Study material below:
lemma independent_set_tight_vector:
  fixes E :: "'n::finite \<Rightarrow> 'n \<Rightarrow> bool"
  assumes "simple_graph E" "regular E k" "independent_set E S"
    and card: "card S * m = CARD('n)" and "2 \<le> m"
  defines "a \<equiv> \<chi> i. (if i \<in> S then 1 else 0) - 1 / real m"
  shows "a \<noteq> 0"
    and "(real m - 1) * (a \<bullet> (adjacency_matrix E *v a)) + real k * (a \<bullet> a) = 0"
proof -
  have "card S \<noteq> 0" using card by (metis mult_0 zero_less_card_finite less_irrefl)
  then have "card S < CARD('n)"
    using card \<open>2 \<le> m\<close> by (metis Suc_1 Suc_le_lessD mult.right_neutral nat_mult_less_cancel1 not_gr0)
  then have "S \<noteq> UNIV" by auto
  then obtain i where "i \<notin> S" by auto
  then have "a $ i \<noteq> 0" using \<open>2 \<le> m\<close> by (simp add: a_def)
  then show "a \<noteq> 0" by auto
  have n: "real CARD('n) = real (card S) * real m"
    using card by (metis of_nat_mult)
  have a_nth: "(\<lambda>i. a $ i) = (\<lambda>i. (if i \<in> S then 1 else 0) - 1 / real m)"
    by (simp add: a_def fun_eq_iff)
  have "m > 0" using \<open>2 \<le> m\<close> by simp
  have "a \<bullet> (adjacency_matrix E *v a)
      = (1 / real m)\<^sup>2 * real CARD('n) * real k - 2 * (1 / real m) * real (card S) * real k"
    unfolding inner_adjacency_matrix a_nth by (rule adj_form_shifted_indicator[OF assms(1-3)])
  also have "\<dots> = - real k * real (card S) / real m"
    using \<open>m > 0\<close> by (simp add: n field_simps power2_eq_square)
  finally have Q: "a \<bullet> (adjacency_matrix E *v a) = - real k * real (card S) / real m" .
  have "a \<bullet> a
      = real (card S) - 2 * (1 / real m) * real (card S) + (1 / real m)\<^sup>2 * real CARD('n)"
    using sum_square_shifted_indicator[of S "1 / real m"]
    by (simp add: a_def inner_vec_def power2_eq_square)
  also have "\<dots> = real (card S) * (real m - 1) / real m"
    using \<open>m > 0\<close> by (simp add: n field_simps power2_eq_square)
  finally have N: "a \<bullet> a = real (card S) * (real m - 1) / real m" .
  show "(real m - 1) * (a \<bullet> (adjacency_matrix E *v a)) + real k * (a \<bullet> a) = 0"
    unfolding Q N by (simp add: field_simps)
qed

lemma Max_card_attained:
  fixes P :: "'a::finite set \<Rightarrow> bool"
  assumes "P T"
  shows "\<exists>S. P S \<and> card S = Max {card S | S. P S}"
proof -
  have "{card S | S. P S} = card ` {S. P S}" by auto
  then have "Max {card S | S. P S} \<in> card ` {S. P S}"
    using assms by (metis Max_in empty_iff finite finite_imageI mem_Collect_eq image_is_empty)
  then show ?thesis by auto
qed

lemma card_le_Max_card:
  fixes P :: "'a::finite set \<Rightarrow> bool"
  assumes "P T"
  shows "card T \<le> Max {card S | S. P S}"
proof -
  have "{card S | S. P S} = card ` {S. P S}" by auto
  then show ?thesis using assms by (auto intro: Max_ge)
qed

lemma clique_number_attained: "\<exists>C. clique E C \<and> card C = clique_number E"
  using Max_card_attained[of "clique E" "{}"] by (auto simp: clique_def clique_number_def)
End of Study material.
Study material below:
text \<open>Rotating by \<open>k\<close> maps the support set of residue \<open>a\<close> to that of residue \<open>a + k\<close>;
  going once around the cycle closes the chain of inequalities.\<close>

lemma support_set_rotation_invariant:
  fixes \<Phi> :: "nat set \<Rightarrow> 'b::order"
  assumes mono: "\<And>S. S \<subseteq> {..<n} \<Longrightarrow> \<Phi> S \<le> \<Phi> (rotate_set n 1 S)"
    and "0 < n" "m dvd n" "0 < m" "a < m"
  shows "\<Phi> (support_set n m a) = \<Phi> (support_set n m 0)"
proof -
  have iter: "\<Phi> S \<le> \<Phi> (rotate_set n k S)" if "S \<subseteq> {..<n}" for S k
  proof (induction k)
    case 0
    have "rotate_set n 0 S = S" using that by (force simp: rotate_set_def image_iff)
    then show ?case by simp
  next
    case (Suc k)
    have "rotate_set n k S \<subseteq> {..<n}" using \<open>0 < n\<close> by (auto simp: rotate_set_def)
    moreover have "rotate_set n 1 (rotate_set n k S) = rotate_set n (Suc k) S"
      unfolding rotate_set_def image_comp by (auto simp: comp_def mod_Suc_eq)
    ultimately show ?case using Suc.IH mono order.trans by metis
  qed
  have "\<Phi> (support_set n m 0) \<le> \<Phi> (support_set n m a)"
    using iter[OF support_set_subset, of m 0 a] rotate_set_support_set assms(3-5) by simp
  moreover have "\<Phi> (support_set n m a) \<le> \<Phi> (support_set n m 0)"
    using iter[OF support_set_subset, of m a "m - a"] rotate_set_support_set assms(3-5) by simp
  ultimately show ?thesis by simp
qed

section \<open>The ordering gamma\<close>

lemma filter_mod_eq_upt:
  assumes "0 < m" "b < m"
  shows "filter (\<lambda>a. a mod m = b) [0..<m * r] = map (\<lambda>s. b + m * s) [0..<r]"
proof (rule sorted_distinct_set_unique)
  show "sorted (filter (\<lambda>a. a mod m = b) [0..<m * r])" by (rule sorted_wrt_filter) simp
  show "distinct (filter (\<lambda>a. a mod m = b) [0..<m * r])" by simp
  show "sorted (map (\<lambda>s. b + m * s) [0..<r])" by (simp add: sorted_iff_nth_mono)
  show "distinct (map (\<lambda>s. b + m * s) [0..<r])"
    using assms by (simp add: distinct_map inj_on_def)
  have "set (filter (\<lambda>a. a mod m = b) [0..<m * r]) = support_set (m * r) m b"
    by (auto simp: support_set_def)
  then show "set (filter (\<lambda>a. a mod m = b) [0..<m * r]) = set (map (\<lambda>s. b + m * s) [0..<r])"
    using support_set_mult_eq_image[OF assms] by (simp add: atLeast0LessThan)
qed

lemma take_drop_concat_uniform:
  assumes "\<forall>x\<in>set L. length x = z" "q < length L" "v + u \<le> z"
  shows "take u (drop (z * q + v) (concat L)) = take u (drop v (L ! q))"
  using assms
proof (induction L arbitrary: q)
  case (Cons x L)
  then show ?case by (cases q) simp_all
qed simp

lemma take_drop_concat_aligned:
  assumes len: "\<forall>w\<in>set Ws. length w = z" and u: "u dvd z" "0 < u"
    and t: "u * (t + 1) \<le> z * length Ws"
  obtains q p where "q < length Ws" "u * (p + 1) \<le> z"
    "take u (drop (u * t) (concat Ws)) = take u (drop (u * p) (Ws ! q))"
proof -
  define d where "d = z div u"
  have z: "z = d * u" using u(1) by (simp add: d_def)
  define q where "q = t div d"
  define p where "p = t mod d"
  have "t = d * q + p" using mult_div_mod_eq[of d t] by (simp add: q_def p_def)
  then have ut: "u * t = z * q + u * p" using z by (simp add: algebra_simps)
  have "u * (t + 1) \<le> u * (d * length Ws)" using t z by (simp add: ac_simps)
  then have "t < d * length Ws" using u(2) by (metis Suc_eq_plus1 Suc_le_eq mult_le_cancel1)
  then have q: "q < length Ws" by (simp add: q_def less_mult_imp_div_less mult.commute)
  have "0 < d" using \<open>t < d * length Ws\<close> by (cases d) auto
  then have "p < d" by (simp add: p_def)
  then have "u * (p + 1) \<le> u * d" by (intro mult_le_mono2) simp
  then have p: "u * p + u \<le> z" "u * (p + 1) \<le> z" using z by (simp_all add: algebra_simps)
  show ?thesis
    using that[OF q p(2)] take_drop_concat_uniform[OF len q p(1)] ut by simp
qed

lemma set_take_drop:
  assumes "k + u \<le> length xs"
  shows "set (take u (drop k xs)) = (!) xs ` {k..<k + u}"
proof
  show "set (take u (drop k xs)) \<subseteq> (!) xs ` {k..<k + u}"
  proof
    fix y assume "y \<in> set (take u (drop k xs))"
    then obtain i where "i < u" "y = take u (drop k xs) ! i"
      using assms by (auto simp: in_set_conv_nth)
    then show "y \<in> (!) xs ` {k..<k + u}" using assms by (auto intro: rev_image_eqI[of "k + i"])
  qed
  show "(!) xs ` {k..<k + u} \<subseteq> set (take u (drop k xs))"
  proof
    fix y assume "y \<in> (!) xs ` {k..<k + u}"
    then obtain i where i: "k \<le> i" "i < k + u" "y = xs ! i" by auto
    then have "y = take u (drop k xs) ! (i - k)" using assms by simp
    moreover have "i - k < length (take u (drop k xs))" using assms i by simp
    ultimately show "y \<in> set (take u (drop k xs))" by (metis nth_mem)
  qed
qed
End of Study material.
Study material below:
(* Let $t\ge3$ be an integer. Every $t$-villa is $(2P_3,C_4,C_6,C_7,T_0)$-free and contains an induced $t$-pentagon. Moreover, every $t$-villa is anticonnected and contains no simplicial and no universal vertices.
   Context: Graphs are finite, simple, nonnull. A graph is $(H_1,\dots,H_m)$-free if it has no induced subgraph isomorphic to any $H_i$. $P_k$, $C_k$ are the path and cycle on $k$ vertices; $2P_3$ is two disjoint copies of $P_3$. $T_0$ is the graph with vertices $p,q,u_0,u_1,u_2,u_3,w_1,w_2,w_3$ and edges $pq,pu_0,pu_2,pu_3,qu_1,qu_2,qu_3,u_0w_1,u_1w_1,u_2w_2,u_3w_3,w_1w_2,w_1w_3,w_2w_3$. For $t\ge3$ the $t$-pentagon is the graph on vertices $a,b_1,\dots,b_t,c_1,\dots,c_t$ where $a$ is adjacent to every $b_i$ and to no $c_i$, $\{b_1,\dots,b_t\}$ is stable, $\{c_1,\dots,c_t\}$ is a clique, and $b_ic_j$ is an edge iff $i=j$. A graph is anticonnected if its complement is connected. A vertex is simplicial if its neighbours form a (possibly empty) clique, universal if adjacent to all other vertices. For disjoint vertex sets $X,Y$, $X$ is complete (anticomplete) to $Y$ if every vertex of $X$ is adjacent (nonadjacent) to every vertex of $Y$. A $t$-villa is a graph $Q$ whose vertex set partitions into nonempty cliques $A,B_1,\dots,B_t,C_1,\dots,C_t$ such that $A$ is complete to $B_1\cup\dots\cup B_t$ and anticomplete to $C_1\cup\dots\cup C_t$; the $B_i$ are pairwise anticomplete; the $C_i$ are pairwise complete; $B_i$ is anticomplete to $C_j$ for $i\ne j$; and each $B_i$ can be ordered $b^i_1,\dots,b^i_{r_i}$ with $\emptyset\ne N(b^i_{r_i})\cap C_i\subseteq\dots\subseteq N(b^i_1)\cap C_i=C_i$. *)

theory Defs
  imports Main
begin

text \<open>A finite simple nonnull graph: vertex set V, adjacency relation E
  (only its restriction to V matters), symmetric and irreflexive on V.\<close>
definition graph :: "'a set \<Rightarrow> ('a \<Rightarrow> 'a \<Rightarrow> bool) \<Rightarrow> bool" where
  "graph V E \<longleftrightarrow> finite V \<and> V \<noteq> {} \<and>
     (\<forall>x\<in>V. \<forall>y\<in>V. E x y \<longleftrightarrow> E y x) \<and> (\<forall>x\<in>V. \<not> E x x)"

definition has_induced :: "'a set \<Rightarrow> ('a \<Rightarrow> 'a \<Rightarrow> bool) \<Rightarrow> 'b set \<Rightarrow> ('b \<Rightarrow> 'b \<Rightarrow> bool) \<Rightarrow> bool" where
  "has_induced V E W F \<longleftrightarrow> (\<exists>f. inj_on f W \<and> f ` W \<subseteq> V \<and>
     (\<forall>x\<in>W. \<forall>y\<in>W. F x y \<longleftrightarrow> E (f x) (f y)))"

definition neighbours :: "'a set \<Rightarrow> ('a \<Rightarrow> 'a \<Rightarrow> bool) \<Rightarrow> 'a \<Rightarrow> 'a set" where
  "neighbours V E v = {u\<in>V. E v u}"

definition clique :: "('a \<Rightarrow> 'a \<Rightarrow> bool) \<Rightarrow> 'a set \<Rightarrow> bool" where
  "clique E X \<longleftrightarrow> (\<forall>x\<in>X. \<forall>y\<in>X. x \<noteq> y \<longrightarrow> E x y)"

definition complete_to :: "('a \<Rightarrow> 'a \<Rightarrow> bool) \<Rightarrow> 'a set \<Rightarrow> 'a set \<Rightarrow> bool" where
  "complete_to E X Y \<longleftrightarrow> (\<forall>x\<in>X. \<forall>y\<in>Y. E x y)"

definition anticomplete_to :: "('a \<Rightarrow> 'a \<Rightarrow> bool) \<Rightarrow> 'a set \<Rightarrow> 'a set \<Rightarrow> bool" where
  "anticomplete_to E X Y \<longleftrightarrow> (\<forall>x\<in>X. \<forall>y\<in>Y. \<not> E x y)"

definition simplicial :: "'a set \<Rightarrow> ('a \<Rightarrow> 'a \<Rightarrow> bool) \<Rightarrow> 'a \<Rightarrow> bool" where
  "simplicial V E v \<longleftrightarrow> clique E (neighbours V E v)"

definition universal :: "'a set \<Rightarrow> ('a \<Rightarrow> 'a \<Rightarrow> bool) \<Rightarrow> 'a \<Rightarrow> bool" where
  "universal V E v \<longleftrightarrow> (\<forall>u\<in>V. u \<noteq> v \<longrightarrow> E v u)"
End of Study material.
§ Try it: Go through the data and show every line where "real" occurs.

§ Result:
  defines "a \<equiv> \<chi> i. (if i \<in> S then 1 else 0) - 1 / real m"
    and "(real m - 1) * (a \<bullet> (adjacency_matrix E *v a)) + real k * (a \<bullet> a) = 0"
  have n: "real CARD('n) = real (card S) * real m"
  have a_nth: "(\<lambda>i. a $ i) = (\<lambda>i. (if i \<in> S then 1 else 0) - 1 / real m)"
      = (1 / real m)\<^sup>2 * real CARD('n) * real k - 2 * (1 / real m) * real (card S) * real k"
  also have "\<dots> = - real k * real (card S) / real m"
  finally have Q: "a \<bullet> (adjacency_matrix E *v a) = - real k * real (card S) / real m" .
      = real (card S) - 2 * (1 / real m) * real (card S) + (1 / real m)\<^sup>2 * real CARD('n)"
    using sum_square_shifted_indicator[of S "1 / real m"]
  also have "\<dots> = real (card S) * (real m - 1) / real m"
  finally have N: "a \<bullet> a = real (card S) * (real m - 1) / real m" .
  show "(real m - 1) * (a \<bullet> (adjacency_matrix E *v a)) + real k * (a \<bullet> a) = 0"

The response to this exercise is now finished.